From: David Starner (prosfilaes@gmail.com)
Date: Sun Jan 21 2007 - 07:26:19 CST
On 1/20/07, Ruszlan Gaszanov <ruszlan@ather.net> wrote:
> Why would we need a new UTF? Well, of all currently available encoding schemed for Unicode, only UTF-32 is fixed-length. However, while it might be convenient for internal processing on 32/64bit platforms, 11 spare bits per code unit is much too wasteful for long-term storage and interchange. Again if we have spare bits, why not just as well make them useful for, let+IBk-s say, error detection or avoiding undesired sequences (like NUL).
You don't need fixed-length for long-term storage and interchange.
Frankly, any long-term storage and interchange that doesn't use a
general purpose compression scheme is wasteful; bzip compression runs
about 3 bits per character for alphabetic text and less than 7 bits
per character for ideographic text. Bzip also includes some degree of
error detection in that, but there are many better tools for serious
error detection.
For avoiding undesired sequences, UTF-8 does that quite well. Many
tools that need undesired sequences avoided tend to also assume that
0x00-0x7f is ASCII, which UTF-8 supports. I think it notable that
UTF-7, which was designed to avoid undesired sequences for email tends
to be poorly supported; for example, Google mail seems to have mangled
the UTF-7 in your post. Instead, a general purpose encoding, usually
Base64, is used to encodes both the text and the attachments without
concern for the details of the contents.
To call for a new UTF requires evidence that someone will actually use
it.
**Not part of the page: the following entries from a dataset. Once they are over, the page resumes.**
lemma height_less:
  assumes "x \<in> A" "t \<in> A" "t \<preceq> x" "t \<noteq> x"
  shows "height A m z t < height A m z x"
proof -
  have "down t \<subseteq> down x"
    using below_trans assms unfolding down_def by blast
  moreover have "x \<in> down x" "x \<notin> down t"
    using below_antisym assms unfolding down_def by auto
  ultimately have "card (down t) < card (down x)"
    using finite_carrier unfolding down_def by (intro psubset_card_mono) auto
  then show ?thesis
    using card_down assms by simp
qed

lemma height_eq_0_iff: "x \<in> A \<Longrightarrow> height A m z x = 0 \<longleftrightarrow> x = z"
  by (cases "x = z") (use height_less[of x z] in auto)

text \<open>Take e nonzero of least height below the common element c of all nonzero ideals.
  If meet t e = 0, then t lies in the polar of e, a nonzero ideal, which would then contain
  c \<ge> e; so meet t e is nonzero and below e, hence equal to e.\<close>

lemma ex_atom: "\<exists>e\<in>A. e \<noteq> z \<and> (\<forall>t\<in>A. t \<noteq> z \<longrightarrow> e \<preceq> t)"
proof -
  obtain c where c: "c \<in> A" "c \<noteq> z" and c_mem: "\<And>I. ideal I \<Longrightarrow> I \<noteq> {z} \<Longrightarrow> c \<in> I"
    using subdirectly_irreducible_ex_common_element[OF subdirectly_irreducible] by blast
  let ?P = "\<lambda>t. t \<in> A \<and> t \<noteq> z \<and> t \<preceq> c"
  obtain e where e: "?P e" and e_least: "\<And>t. ?P t \<Longrightarrow> height A m z e \<le> height A m z t"
    using ex_has_least_nat[of ?P c "height A m z"] c by auto
  have "e \<preceq> t" if t: "t \<in> A" "t \<noteq> z" for t
  proof -
    define w where "w = meet t e"
    have w: "w \<in> A" "w \<preceq> t" "w \<preceq> e"
      unfolding w_def using meet_below1 meet_below2 t e by auto
    have "w \<noteq> z"
    proof
      assume "w = z"
      then have "t \<in> polar e"
        unfolding polar_def w_def using t by simp
      with t have "polar e \<noteq> {z}"
        by auto
      then have "meet c e = z"
        using c_mem[OF ideal_polar] e unfolding polar_def by blast
      moreover have "meet c e = e"
        using meet_commute[of c e] e c unfolding meet_def by simp
      ultimately show False
        using e by simp
    qed
    moreover have "w \<preceq> c"
      using below_trans[OF _ _ _ w(3)] w e c by simp
    ultimately have "height A m z e \<le> height A m z w"
      using e_least w by simp
    then have "w = e"
      using height_less[of e w] w e by fastforce
    then show ?thesis
      using w by simp
  qed
  then show ?thesis
    using e by blast
qed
As pointed above, UTF-7, which avoids non-mail safe characters, is
rarely used. Likewise, current encodings designed with a extreme
concern for size, like SCSU and BOCU, frequently aren't used, because
UTF-8 or UTF-16 combined with a general purpose compression scheme
works much better for any long text. As for fixed length encodings,
again, the existing UTF-32 tends to play second fiddle to UTF-8 and
UTF-16. I don't see the demand for the existing fixed length encoding
to be enough to introduce a second one.